Equation of circle centred at (2,-3) , and passing through (-1,2) , is

To find the equation of the circle centered at (2, -3) and passing through the point (-1, 2), we can follow these steps: ### Step 1: Write the standard form of the circle's equation The standard form of the equation of a circle is given by: \[ (x - a)^2 + (y - b)^2 = r^2 \] where \((a, b)\) is the center of the circle and \(r\) is the radius. ### Step 2: Substitute the center coordinates Given the center of the circle is (2, -3), we substitute \(a = 2\) and \(b = -3\): \[ (x - 2)^2 + (y + 3)^2 = r^2 \] ### Step 3: Find the radius using the point on the circle The circle passes through the point (-1, 2). We can use this point to find the radius \(r\).
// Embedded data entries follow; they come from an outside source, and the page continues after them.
text \<open>The map \<open>f \<mapsto> \<chi>\<^sup>f\<close> turns composition of maps into composition of
  index maps, and \<open>f\<close> meets every block exactly when \<open>\<chi>\<^sup>f\<close> is surjective; every
  surjection \<open>\<alpha>\<close> is realised by sending all of \<open>X\<^sub>i\<close> to one chosen point of
  \<open>X\<^bsub>\<alpha> i\<^esub>\<close>. So \<open>\<chi>\<close> is the kernel of a surjective homomorphism from \<open>\<Sigma>(X,\<P>)\<close>
  onto the surjections of \<open>I\<close>, and the quotient by a kernel is isomorphic to the image.\<close>

lemma iso_quotient_by_kernel:
  fixes Q :: "('a set, 'z) monoid_scheme" and M :: "('b, 'w) monoid_scheme"
  assumes R: "R = {(f, g). f \<in> S \<and> g \<in> S \<and> \<phi> f = \<phi> g}"
    and carrier_Q: "carrier Q = S // R"
    and mult_Q: "\<And>A B. A \<otimes>\<^bsub>Q\<^esub> B = \<Union>{R `` {mul f g} | f g. f \<in> A \<and> g \<in> B}"
    and closed: "\<And>f g. f \<in> S \<Longrightarrow> g \<in> S \<Longrightarrow> mul f g \<in> S"
    and hom: "\<And>f g. f \<in> S \<Longrightarrow> g \<in> S \<Longrightarrow> \<phi> (mul f g) = \<phi> f \<otimes>\<^bsub>M\<^esub> \<phi> g"
    and onto: "\<phi> ` S = carrier M"
  shows "Q \<cong> M"
proof -
  have kernel_class: "R `` {f} = {g \<in> S. \<phi> g = \<phi> f}" if "f \<in> S" for f
    using that R by auto
  have value_class: "the_elem (\<phi> ` (R `` {f})) = \<phi> f" if "f \<in> S" for f
  proof -
    have "\<phi> ` (R `` {f}) = {\<phi> f}" using kernel_class[OF that] that by auto
    then show ?thesis by simp
  qed
  have mult_class: "R `` {f} \<otimes>\<^bsub>Q\<^esub> R `` {g} = R `` {mul f g}" if "f \<in> S" "g \<in> S" for f g
  proof -
    have "R `` {mul f' g'} = R `` {mul f g}" if "f' \<in> R `` {f}" "g' \<in> R `` {g}" for f' g'
      using that kernel_class \<open>f \<in> S\<close> \<open>g \<in> S\<close> closed hom by auto
    moreover have "f \<in> R `` {f}" "g \<in> R `` {g}" using kernel_class that by auto
    ultimately have "{R `` {mul f' g'} | f' g'. f' \<in> R `` {f} \<and> g' \<in> R `` {g}} = {R `` {mul f g}}"
      by blast
    then show ?thesis using mult_Q by simp
  qed
  let ?h = "\<lambda>A. the_elem (\<phi> ` A)"
  have "?h \<in> hom Q M"
  proof (rule homI)
    fix A assume "A \<in> carrier Q"
    then obtain f where "f \<in> S" "A = R `` {f}" using carrier_Q by (auto elim!: quotientE)
    then show "?h A \<in> carrier M" using value_class onto by auto
  next
    fix A B assume "A \<in> carrier Q" "B \<in> carrier Q"
    then obtain f g where "f \<in> S" "A = R `` {f}" "g \<in> S" "B = R `` {g}"
      using carrier_Q by (auto elim!: quotientE)
    then show "?h (A \<otimes>\<^bsub>Q\<^esub> B) = ?h A \<otimes>\<^bsub>M\<^esub> ?h B"
      using mult_class value_class closed hom by simp
  qed
  moreover have "bij_betw ?h (carrier Q) (carrier M)"
  proof (rule bij_betw_imageI)
    show "inj_on ?h (carrier Q)"
    proof (rule inj_onI)
      fix A B assume "A \<in> carrier Q" "B \<in> carrier Q" "?h A = ?h B"
      then obtain f g where "f \<in> S" "A = R `` {f}" "g \<in> S" "B = R `` {g}" "\<phi> f = \<phi> g"
        using carrier_Q value_class by (auto elim!: quotientE)
      then show "A = B" using kernel_class by simp
    qed
    have "carrier Q = (\<lambda>f. R `` {f}) ` S" using carrier_Q by (auto simp: quotient_def)
    then show "?h ` carrier Q = carrier M"
      using value_class onto by (simp add: image_image)
  qed
  ultimately show ?thesis unfolding is_iso_def iso_def by blast
qed
(* Suppose $R:\mathcal{A}\to\mathcal{B}$ has a monadic decomposition of monadic length $N\in\mathbb{N}$, with categories $\mathcal{B}_0=\mathcal{B},\mathcal{B}_1,\dots,\mathcal{B}_N$ and functors $R_n:\mathcal{A}\to\mathcal{B}_n$, and let $n\in\{0,\dots,N\}$. Let $U_{0,n}=U_{0,1}\circ U_{1,2}\circ\cdots\circ U_{n-1,n}:\mathcal{B}_n\to\mathcal{B}$ be the composite forgetful functor ($U_{0,0}=\mathrm{Id}$). Then: 1) $\mathrm{Im}R\subseteq\mathrm{Im}U_{0,n}$; 2) $\mathrm{Im}R=\mathrm{Im}U_{0,n}$ whenever $R_n$ is essentially surjective; 3) $\mathrm{Im}R=\mathrm{Im}U_{0,N}$.
   Context: For an adjunction $(L_n,R_n)$ with $R_n:\mathcal{A}\to\mathcal{B}_n$, unit $\eta_n$ and counit $\epsilon_n$, $\mathcal{B}_{n+1}$ is the Eilenberg–Moore category of the monad $(R_nL_n,R_n\epsilon_nL_n,\eta_n)$, $U_{n,n+1}:\mathcal{B}_{n+1}\to\mathcal{B}_n$ is its forgetful functor, and the comparison functor is $R_{n+1}:\mathcal{A}\to\mathcal{B}_{n+1}$, $R_{n+1}Y=(R_nY,R_n\epsilon_nY)$, $R_{n+1}f=R_nf$ (so $U_{n,n+1}R_{n+1}=R_n$). $R$ has a monadic decomposition of monadic length $N$ if there are functors $(R_n)_{0\le n\le N}$ with $R_0=R$, each $R_n$ having a left adjoint $L_n$, $R_{n+1}$ the comparison functor of $(L_n,R_n)$ for $n<N$, $L_N$ full and faithful and $L_n$ not full and faithful for $n<N$. For a functor $F:\mathcal{C}\to\mathcal{D}$, $\mathrm{Im}F$ is the full subcategory of $\mathcal{D}$ of objects isomorphic to $FC$ for some $C\in\mathcal{C}$; $F$ is essentially surjective if $\mathrm{Im}F=\mathcal{D}$. *)

theory Defs
  imports Main
begin

record ('o, 'm) cat =
  Obj :: "'o set"
  Arr :: "'m set"
  Dom :: "'m \<Rightarrow> 'o"
  Cod :: "'m \<Rightarrow> 'o"
  Idt :: "'o \<Rightarrow> 'm"
  Comp :: "'m \<Rightarrow> 'm \<Rightarrow> 'm"

definition hom :: "('o, 'm) cat \<Rightarrow> 'o \<Rightarrow> 'o \<Rightarrow> 'm set" where
  "hom C a b = {f \<in> Arr C. Dom C f = a \<and> Cod C f = b}"

definition is_category :: "('o, 'm) cat \<Rightarrow> bool" where
  "is_category C \<longleftrightarrow>
     (\<forall>f\<in>Arr C. Dom C f \<in> Obj C \<and> Cod C f \<in> Obj C) \<and>
     (\<forall>a\<in>Obj C. Idt C a \<in> hom C a a) \<and>
     (\<forall>f\<in>Arr C. \<forall>g\<in>Arr C. Cod C f = Dom C g \<longrightarrow>
         Comp C g f \<in> hom C (Dom C f) (Cod C g)) \<and>
     (\<forall>f\<in>Arr C. Comp C (Idt C (Cod C f)) f = f \<and> Comp C f (Idt C (Dom C f)) = f) \<and>
     (\<forall>f\<in>Arr C. \<forall>g\<in>Arr C. \<forall>h\<in>Arr C. Cod C f = Dom C g \<and> Cod C g = Dom C h \<longrightarrow>
         Comp C h (Comp C g f) = Comp C (Comp C h g) f)"

record ('o1, 'm1, 'o2, 'm2) fctr =
  FObj :: "'o1 \<Rightarrow> 'o2"
  FArr :: "'m1 \<Rightarrow> 'm2"

definition is_functor :: "('o1, 'm1) cat \<Rightarrow> ('o2, 'm2) cat \<Rightarrow> ('o1, 'm1, 'o2, 'm2) fctr \<Rightarrow> bool" where
  "is_functor C D F \<longleftrightarrow>
     is_category C \<and> is_category D \<and>
     (\<forall>a\<in>Obj C. FObj F a \<in> Obj D) \<and>
     (\<forall>f\<in>Arr C. FArr F f \<in> hom D (FObj F (Dom C f)) (FObj F (Cod C f))) \<and>
     (\<forall>a\<in>Obj C. FArr F (Idt C a) = Idt D (FObj F a)) \<and>
     (\<forall>f\<in>Arr C. \<forall>g\<in>Arr C. Cod C f = Dom C g \<longrightarrow>
         FArr F (Comp C g f) = Comp D (FArr F g) (FArr F f))"

definition id_functor :: "('o, 'm, 'o, 'm) fctr" where
  "id_functor = \<lparr>FObj = (\<lambda>a. a), FArr = (\<lambda>f. f)\<rparr>"

definition fcomp :: "('o2, 'm2, 'o3, 'm3) fctr \<Rightarrow> ('o1, 'm1, 'o2, 'm2) fctr
                      \<Rightarrow> ('o1, 'm1, 'o3, 'm3) fctr" where
  "fcomp G F = \<lparr>FObj = FObj G \<circ> FObj F, FArr = FArr G \<circ> FArr F\<rparr>"
(* Let $d\ge 2$, let $\mathcal{K}=\{k_1,\ldots,k_r\}\subset\{1,\ldots,d-1\}$ (with $k_1,\ldots,k_r$ distinct) and $t\in\mathbb{N}_0$ be such that $\min\{k_1,d-k_1\}\ge\min\{k_2,d-k_2\}\ge\cdots\ge\min\{k_r,d-k_r\}$. Then, with $s:=\min\{t+1,|\mathcal{K}|\}$, $$\dim\big(\mathrm{Pol}_t(\mathcal{G}_{\mathcal{K},d})\big)\ \ge\ \sum_{i=1}^{s}\dim\big(\mathrm{Pol}_{t-i+1}(\mathcal{G}_{k_i,d})\big).$$
   Context: $\mathbb{R}^{d\times d}_{\mathrm{sym}}$ denotes the real symmetric $d\times d$ matrices. For $1\le k\le d-1$, the Grassmannian is $\mathcal{G}_{k,d}=\{P\in\mathbb{R}^{d\times d}_{\mathrm{sym}}:P^2=P,\ \mathrm{Tr}(P)=k\}$, and for nonempty $\mathcal{K}\subset\{1,\ldots,d-1\}$, $\mathcal{G}_{\mathcal{K},d}=\bigcup_{k\in\mathcal{K}}\mathcal{G}_{k,d}$. $\mathrm{Pol}_t(\mathbb{R}^{d\times d}_{\mathrm{sym}})$ is the space of real polynomials of total degree at most $t$ in the matrix entries, and for a subset $M\subset\mathbb{R}^{d\times d}_{\mathrm{sym}}$ (such as $\mathcal{G}_{k,d}$ or $\mathcal{G}_{\mathcal{K},d}$), $\mathrm{Pol}_t(M)=\{f|_M: f\in\mathrm{Pol}_t(\mathbb{R}^{d\times d}_{\mathrm{sym}})\}$. *)

theory Defs
  imports "HOL-Analysis.Analysis" "HOL-Library.Function_Algebras"
begin

definition symmat :: "(real^'n^'n) set" where
  "symmat = {A. transpose A = A}"

text \<open>Grassmannian G_{k,d}: symmetric idempotents of trace k.\<close>
definition grass :: "nat \<Rightarrow> (real^'n^'n) set" where
  "grass k = {P. transpose P = P \<and> P ** P = P \<and> trace P = real k}"

definition grassK :: "nat set \<Rightarrow> (real^'n^'n) set" where
  "grassK K = (\<Union>k\<in>K. grass k)"

definition monom_mat :: "('n \<times> 'n \<Rightarrow> nat) \<Rightarrow> real^'n^'n \<Rightarrow> real" where
  "monom_mat \<alpha> A = (\<Prod>ij\<in>UNIV. (A $ fst ij $ snd ij) ^ \<alpha> ij)"

definition mdeg :: "('n::finite \<times> 'n \<Rightarrow> nat) \<Rightarrow> nat" where
  "mdeg \<alpha> = (\<Sum>ij\<in>UNIV. \<alpha> ij)"

definition PolSym :: "nat \<Rightarrow> (real^'n::finite^'n \<Rightarrow> real) set" where
  "PolSym t = {p. \<exists>F c. finite F \<and> (\<forall>\<alpha>\<in>F. mdeg \<alpha> \<le> t) \<and>
       p = (\<lambda>A. if A \<in> symmat then (\<Sum>\<alpha>\<in>F. c \<alpha> * monom_mat \<alpha> A) else 0)}"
Substitute \(x = -1\) and \(y = 2\) into the equation: \[ (-1 - 2)^2 + (2 + 3)^2 = r^2 \] Calculating this gives: \[ (-3)^2 + (5)^2 = r^2 \] \[ 9 + 25 = r^2 \] \[ r^2 = 34 \] ### Step 4: Write the final equation of the circle Now we can substitute \(r^2\) back into the equation: \[ (x - 2)^2 + (y + 3)^2 = 34 \] ### Step 5: Expand the equation (optional) If we want to expand this equation, we can do so: \[ (x - 2)^2 = x^2 - 4x + 4 \] \[ (y + 3)^2 = y^2 + 6y + 9 \] Adding these together gives: \[ x^2 - 4x + 4 + y^2 + 6y + 9 = 34 \] Combining like terms: \[ x^2 + y^2 - 4x + 6y + 13 - 34 = 0 \] This simplifies to: \[ x^2 + y^2 - 4x + 6y - 21 = 0 \] ### Final Answer The equation of the circle is: \[ (x - 2)^2 + (y + 3)^2 = 34 \] or in expanded form: \[ x^2 + y^2 - 4x + 6y - 21 = 0 \]